# What the task asks
The output is the lines below from the one with "define N where" through the one with "using x pq by (auto simp: unit_frames_def N_def)", both included, printed exactly and with no other line.

Collected data
[Start of Attachment]

lemma sum_sq_rank_one_factor:
  assumes "\<forall>j<d. on_sphere (n j) (x j)"
  shows "(\<Sum>i\<in>idx d n. (\<Prod>j<d. x j (i j))\<^sup>2) = 1"
proof -
  have "(\<Sum>i\<in>idx d n. (\<Prod>j<d. x j (i j))\<^sup>2) = (\<Prod>j<d. \<Sum>k<n j. (x j k)\<^sup>2)"
    unfolding idx_def prod_power_distrib by (rule prod_sum_PiE[symmetric]) auto
  also have "\<dots> = 1" using assms unfolding on_sphere_def by simp
  finally show ?thesis .
qed

lemma tinner_self_nonneg: "tinner d n S S \<ge> 0"
  unfolding tinner_def by (intro sum_nonneg) simp

lemma tnorm_diff_rank_one_sq:
  assumes "\<forall>j<d. on_sphere (n j) (x j)"
  shows "(tnorm d n (\<lambda>i. T i - rank_one d s x i))\<^sup>2 = tinner d n T T - 2 * s * tensor_form d n T x + s\<^sup>2"
proof -
  have "(T i - rank_one d s x i) * (T i - rank_one d s x i)
      = T i * T i - 2 * s * (T i * (\<Prod>j<d. x j (i j))) + s\<^sup>2 * (\<Prod>j<d. x j (i j))\<^sup>2" for i
    unfolding rank_one_def by (simp add: power2_eq_square algebra_simps)
  then have "tinner d n (\<lambda>i. T i - rank_one d s x i) (\<lambda>i. T i - rank_one d s x i)
      = tinner d n T T - 2 * s * tensor_form d n T x + s\<^sup>2"
    using sum_sq_rank_one_factor[OF assms]
    by (simp add: tinner_def tensor_form_def sum_subtractf sum.distrib sum_distrib_left
        flip: sum_distrib_left[of "s\<^sup>2"])
  then show ?thesis unfolding tnorm_def by (metis real_sqrt_pow2 tinner_self_nonneg)
qed

text \<open>Minimising \<open>\<parallel>T - s \<otimes>x\<^sub>j\<parallel>\<^sup>2 = \<parallel>T\<parallel>\<^sup>2 - 2 s f + s\<^sup>2\<close> over \<open>s\<close> gives \<open>\<parallel>T\<parallel>\<^sup>2 - f\<^sup>2\<close>,
  where \<open>f = \<langle>T, \<otimes>x\<^sub>j\<rangle>\<close>.\<close>

lemma best_rank_one_approx_if_max:
  assumes x: "x \<in> unit_frames d n"
    and max: "\<forall>y\<in>unit_frames d n. \<bar>tensor_form d n T y\<bar> \<le> \<bar>tensor_form d n T x\<bar>"
  shows "best_rank_one_approx d n T (rank_one d (tensor_form d n T x) x)"
proof -
  define f where "f = tensor_form d n T x"
  have sph: "\<forall>j<d. on_sphere (n j) (x j)" using x by (simp add: unit_frames_def)
  have "tnorm d n (\<lambda>i. T i - rank_one d f x i) \<le> tnorm d n (\<lambda>i. T i - rank_one d s y i)"
    if y: "\<forall>j<d. on_sphere (n j) (y j)" for s y
  proof -
    define g where "g = tensor_form d n T y"
    obtain y' where "y' \<in> unit_frames d n" "tensor_form d n T y' = g"
      using unit_frames_truncate[OF y] unfolding g_def by blast
    then have "\<bar>g\<bar> \<le> \<bar>f\<bar>" using max unfolding f_def by blast
    then have "g\<^sup>2 \<le> f\<^sup>2" by (simp add: abs_le_square_iff)
    moreover have "0 \<le> s\<^sup>2 + g\<^sup>2 - 2 * s * g"
      using zero_le_power2[of "s - g"] unfolding power2_diff .
    ultimately have "tinner d n T T - 2 * f * f + f\<^sup>2 \<le> tinner d n T T - 2 * s * g + s\<^sup>2"
      by (simp add: power2_eq_square)
    then have "(tnorm d n (\<lambda>i. T i - rank_one d f x i))\<^sup>2
        \<le> (tnorm d n (\<lambda>i. T i - rank_one d s y i))\<^sup>2"
      by (simp add: tnorm_diff_rank_one_sq[OF sph] tnorm_diff_rank_one_sq[OF y] f_def g_def)
    then show ?thesis by (rule power2_le_imp_le) (simp add: tnorm_def tinner_self_nonneg)
  qed
  then show ?thesis unfolding best_rank_one_approx_def f_def using sph by blast
qed

lemma sym_wrt_rank_one:
  assumes "\<alpha> \<subseteq> {..<d}" "\<forall>p\<in>\<alpha>. \<forall>q\<in>\<alpha>. n p = n q" "\<forall>p\<in>\<alpha>. \<forall>q\<in>\<alpha>. x p = x q"
  shows "sym_wrt d n (rank_one d a x) \<alpha>"
proof -
  have "(\<Prod>j<d. x j ((i(p := i q, q := i p)) j)) = (\<Prod>j<d. x j (i j))"
    if pq: "p \<in> \<alpha>" "q \<in> \<alpha>" "p \<noteq> q" for i p q
  proof -
    let ?i' = "i(p := i q, q := i p)"
    have fin: "finite {..<d}" and mem: "p \<in> {..<d}" "q \<in> {..<d}" using pq assms(1) by auto
    have "(\<Prod>j\<in>{..<d} - {p, q}. x j (?i' j)) = (\<Prod>j\<in>{..<d} - {p, q}. x j (i j))"
      by (intro prod.cong) auto
    moreover have "x p = x q" using pq assms(3) by blast
    then have "x p (?i' p) * x q (?i' q) = x p (i p) * x q (i q)"
      using pq by simp
    ultimately show ?thesis
      unfolding prod_remove2[OF fin mem \<open>p \<noteq> q\<close>, of "\<lambda>j. x j (?i' j)"]
        prod_remove2[OF fin mem \<open>p \<noteq> q\<close>, of "\<lambda>j. x j (i j)"] by simp
  qed
  then have "rank_one d a x (i(p := i q, q := i p)) = rank_one d a x i"
    if "p \<in> \<alpha>" "q \<in> \<alpha>" for i p q
    using that by (cases "p = q") (simp_all add: rank_one_def)
  then show ?thesis using assms(2) unfolding sym_wrt_def by blast
qed

definition slot_form :: "nat \<Rightarrow> (nat \<Rightarrow> nat) \<Rightarrow> tensor \<Rightarrow> nat \<Rightarrow> nat \<Rightarrow> (nat \<Rightarrow> nat \<Rightarrow> real)
    \<Rightarrow> (nat \<Rightarrow> real) \<Rightarrow> (nat \<Rightarrow> real) \<Rightarrow> real" where
  "slot_form d n T p q x u v =
     (\<Sum>i\<in>idx d n. T i * u (i p) * v (i q) * (\<Prod>j\<in>{..<d} - {p, q}. x j (i j)))"

lemma tensor_form_upd2:
  assumes "p < d" "q < d" "p \<noteq> q"
  shows "tensor_form d n T (x(p := u, q := v)) = slot_form d n T p q x u v"
proof -
  have fin: "finite {..<d}" and mem: "p \<in> {..<d}" "q \<in> {..<d}" using assms by auto
  have "(\<Prod>j\<in>{..<d} - {p, q}. (x(p := u, q := v)) j (i j)) = (\<Prod>j\<in>{..<d} - {p, q}. x j (i j))"
    for i by (intro prod.cong) auto
  then have "(\<Prod>j<d. (x(p := u, q := v)) j (i j))
      = u (i p) * v (i q) * (\<Prod>j\<in>{..<d} - {p, q}. x j (i j))" for i
    using assms by (simp add: prod_remove2[OF fin mem assms(3)])
  then show ?thesis
    unfolding tensor_form_def slot_form_def by (simp add: mult.assoc)
qed

lemma tensor_form_eq_slot_form:
  assumes "p < d" "q < d" "p \<noteq> q"
  shows "tensor_form d n T x = slot_form d n T p q x (x p) (x q)"
  using tensor_form_upd2[OF assms, of n T x "x p" "x q"] by simp

lemma slot_form_commute:
  assumes "p < d" "q < d" "n p = n q"
    and sym: "\<forall>i\<in>idx d n. T (i(p := i q, q := i p)) = T i"
  shows "slot_form d n T p q x u v = slot_form d n T p q x v u"
proof -
  let ?s = "\<lambda>i::nat \<Rightarrow> nat. i(p := i q, q := i p)"
  have "?s i \<in> idx d n" if "i \<in> idx d n" for i
    using that assms by (auto simp: idx_def PiE_iff extensional_def) (metis lessThan_iff)+
  moreover have "?s (?s i) = i" for i
    by auto
  moreover have "(\<Prod>j\<in>{..<d} - {p, q}. x j (?s i j)) = (\<Prod>j\<in>{..<d} - {p, q}. x j (i j))" for i
    by (intro prod.cong) auto
  ultimately show ?thesis
    unfolding slot_form_def using sym
    by (intro sum.reindex_bij_witness[of _ ?s ?s]) (auto simp: algebra_simps)
qed

lemma slot_form_scale:
  "slot_form d n T p q x (\<lambda>k. c * u k) (\<lambda>k. e * v k) = c * e * slot_form d n T p q x u v"
  unfolding slot_form_def by (simp add: sum_distrib_left algebra_simps)

lemma slot_form_polarization:
  "slot_form d n T p q x (\<lambda>k. u k + v k) (\<lambda>k. u k + v k)
     - slot_form d n T p q x (\<lambda>k. u k - v k) (\<lambda>k. u k - v k)
   = 2 * slot_form d n T p q x u v + 2 * slot_form d n T p q x v u"
  unfolding slot_form_def
  by (simp add: sum_subtractf[symmetric] sum_distrib_left sum.distrib[symmetric] algebra_simps)

definition vinner :: "nat \<Rightarrow> (nat \<Rightarrow> real) \<Rightarrow> (nat \<Rightarrow> real) \<Rightarrow> real" where
  "vinner m u v = (\<Sum>k<m. u k * v k)"

lemma vinner_self: "vinner m u u = (\<Sum>k<m. (u k)\<^sup>2)"
  unfolding vinner_def by (simp add: power2_eq_square)

lemma vinner_self_nonneg: "vinner m u u \<ge> 0"
  unfolding vinner_self by (intro sum_nonneg) simp

lemma vinner_self_eq_0D:
  assumes "vinner m u u = 0" "k < m"
  shows "u k = 0"
  using assms unfolding vinner_self by (subst (asm) sum_nonneg_eq_0_iff) auto

lemma on_sphere_normalized:
  assumes "vinner m w w \<noteq> 0"
  shows "on_sphere m (\<lambda>k. (1 / sqrt (vinner m w w)) * w k)"
proof -
  have "(\<Sum>k<m. ((1 / sqrt (vinner m w w)) * w k)\<^sup>2) = vinner m w w / (sqrt (vinner m w w))\<^sup>2"
    unfolding vinner_self sum_divide_distrib by (intro sum.cong) (simp_all add: power_divide)
  then show ?thesis
    using assms vinner_self_nonneg[of m w] by (simp add: on_sphere_def)
qed

lemma unit_frames_upd2:
  assumes "x \<in> unit_frames d n" "p < d" "q < d" "n p = n q"
    and "\<forall>k\<ge>n p. u k = 0" "\<forall>k\<ge>n p. v k = 0" "on_sphere (n p) u" "on_sphere (n p) v"
  shows "x(p := u, q := v) \<in> unit_frames d n"
  using assms unfolding unit_frames_def by auto

lemma slot_form_diag_bound:
  assumes x: "x \<in> unit_frames d n" and pq: "p < d" "q < d" "p \<noteq> q" "n p = n q"
    and max: "\<forall>y\<in>unit_frames d n. \<bar>tensor_form d n T y\<bar> \<le> M"
    and u: "\<forall>k\<ge>n p. u k = 0"
  shows "\<bar>slot_form d n T p q x u u\<bar> \<le> M * vinner (n p) u u"
proof (cases "vinner (n p) u u = 0")
  case True
  then have "u = (\<lambda>k. 0 * u k)" using u vinner_self_eq_0D[of "n p" u] by (metis not_le mult_zero_left)
  then show ?thesis using True slot_form_scale[of d n T p q x 0 u 0 u] by simp
next
  case False
  define t where "t = sqrt (vinner (n p) u u)"
  define u' where "u' = (\<lambda>k. (1 / t) * u k)"
  have "on_sphere (n p) u'"
    using on_sphere_normalized[OF False] by (simp add: u'_def t_def)
  then have "x(p := u', q := u') \<in> unit_frames d n"
    using unit_frames_upd2[OF x pq(1,2,4)] u by (simp add: u'_def)
  then have "\<bar>slot_form d n T p q x u' u'\<bar> \<le> M"
    using max tensor_form_upd2[OF pq(1-3)] by metis
  moreover have "slot_form d n T p q x u' u' = slot_form d n T p q x u u / vinner (n p) u u"
    using vinner_self_nonneg[of "n p" u]
    unfolding u'_def slot_form_scale by (simp add: t_def power_divide flip: power2_eq_square)
  moreover have "vinner (n p) u u > 0"
    using False vinner_self_nonneg[of "n p" u] by simp
  ultimately show ?thesis by (simp add: abs_div pos_divide_le_eq mult.commute)
qed

text \<open>Polarisation: \<open>B(a+b,a+b) - B(a-b,a-b) = 4 B(a,b)\<close> with \<open>\<parallel>a+b\<parallel>\<^sup>2 + \<parallel>a-b\<parallel>\<^sup>2 = 4\<close> forces
  \<open>\<bar>B(a+b,a+b)\<bar> = M\<parallel>a+b\<parallel>\<^sup>2\<close>, so \<open>a + b\<close> is a maximising direction unless it vanishes, in which
  case \<open>b = -a\<close> and \<open>a\<close> itself is one.\<close>

lemma maximizer_slot_direction:
  assumes x: "x \<in> unit_frames d n" and pq: "p < d" "q < d" "p \<noteq> q" "n p = n q"
    and sym: "\<forall>i\<in>idx d n. T (i(p := i q, q := i p)) = T i"
    and max: "\<forall>y\<in>unit_frames d n. \<bar>tensor_form d n T y\<bar> \<le> M"
    and xM: "\<bar>tensor_form d n T x\<bar> = M"
    and neq: "x p \<noteq> x q"
  obtains u c where "\<forall>k\<ge>n p. u k = 0" "on_sphere (n p) u" "\<bar>slot_form d n T p q x u u\<bar> = M"
    "\<forall>k. x p k + x q k = c * u k" "\<bar>c\<bar> < 2"
proof -
  define N where "N = n p"
  define B where "B = slot_form d n T p q x"
  define w where "w = (\<lambda>k. x p k + x q k)"
  define v where "v = (\<lambda>k. x p k - x q k)"
  have a0: "\<forall>k\<ge>N. x p k = 0" and b0: "\<forall>k\<ge>N. x q k = 0"
    using x pq by (auto simp: unit_frames_def N_def)
  then have w0: "\<forall>k\<ge>N. w k = 0" and v0: "\<forall>k\<ge>N. v k = 0"
    by (auto simp: w_def v_def)
  have "vinner N (x p) (x p) = 1" "vinner N (x q) (x q) = 1"
    using x pq by (auto simp: unit_frames_def on_sphere_def vinner_self N_def)
  moreover have "vinner N w w + vinner N v v = 2 * vinner N (x p) (x p) + 2 * vinner N (x q) (x q)"
    unfolding vinner_def w_def v_def by (simp add: sum.distrib[symmetric] sum_distrib_left algebra_simps)
  ultimately have wv: "vinner N w w + vinner N v v = 4" by simp
  have "vinner N v v \<noteq> 0"
  proof
    assume "vinner N v v = 0"
    then have "x p k = x q k" for k
      using vinner_self_eq_0D[of N v k] a0 b0 by (cases "k < N") (auto simp: v_def)
    then show False using neq by auto
  qed
  then have w4: "vinner N w w < 4" using wv vinner_self_nonneg[of N v] by linarith
  have "\<bar>B w w - B v v\<bar> = 4 * M"
    using slot_form_polarization[of d n T p q x "x p" "x q"] slot_form_commute[OF pq(1,2,4) sym]
      tensor_form_eq_slot_form[OF pq(1-3)] xM
    by (simp add: B_def w_def v_def)
  moreover have "\<bar>B w w\<bar> \<le> M * vinner N w w" "\<bar>B v v\<bar> \<le> M * vinner N v v"
    using slot_form_diag_bound[OF x pq max] w0 v0 by (simp_all add: B_def N_def)
  moreover have "M * vinner N w w + M * vinner N v v = 4 * M"
    using wv by (metis distrib_left mult.commute)
  ultimately have Bw: "\<bar>B w w\<bar> = M * vinner N w w"
    using abs_triangle_ineq4[of "B w w" "B v v"] by linarith
  show thesis
  proof (cases "vinner N w w = 0")
    case True
    have "x q k = -1 * x p k" for k
      using vinner_self_eq_0D[OF True, of k] a0 b0 by (cases "k < N") (auto simp: w_def)
    then have "x q = (\<lambda>k. -1 * x p k)" by blast
    then have "B (x p) (x q) = - B (x p) (x p)"
      using slot_form_scale[of d n T p q x 1 "x p" "-1" "x p"] by (simp add: B_def)
    then have "\<bar>B (x p) (x p)\<bar> = M"
      using xM tensor_form_eq_slot_form[OF pq(1-3)] by (simp add: B_def)
    moreover have "\<forall>k. x p k + x q k = 0 * x p k"
      using \<open>x q = _\<close> by simp
    ultimately show thesis
      using that[of "x p" 0] x pq(1) a0 by (simp add: unit_frames_def B_def N_def)
  next
    case False
    define t where "t = sqrt (vinner N w w)"
    have t: "t > 0" "t < 2" "t\<^sup>2 = vinner N w w"
      using False vinner_self_nonneg[of N w] w4 real_sqrt_less_mono[OF w4]
      by (auto simp: t_def)
    define u where "u = (\<lambda>k. (1 / t) * w k)"
    have "on_sphere N u"
      using on_sphere_normalized[OF False] by (simp add: u_def t_def)
    moreover have "\<bar>B u u\<bar> = M"
      using Bw t False vinner_self_nonneg[of N w] unfolding u_def B_def slot_form_scale
      by (simp add: abs_mult power2_eq_square flip: B_def)
    moreover have "\<forall>k. x p k + x q k = t * u k"
      using t by (simp add: u_def w_def)
    ultimately show thesis
      using that[of u t] w0 t by (simp add: u_def B_def N_def)
  qed
qed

[End of Attachment]

# Response for this exercise
  define N where "N = n p"
  define B where "B = slot_form d n T p q x"
  define w where "w = (\<lambda>k. x p k + x q k)"
  define v where "v = (\<lambda>k. x p k - x q k)"
  have a0: "\<forall>k\<ge>N. x p k = 0" and b0: "\<forall>k\<ge>N. x q k = 0"
    using x pq by (auto simp: unit_frames_def N_def)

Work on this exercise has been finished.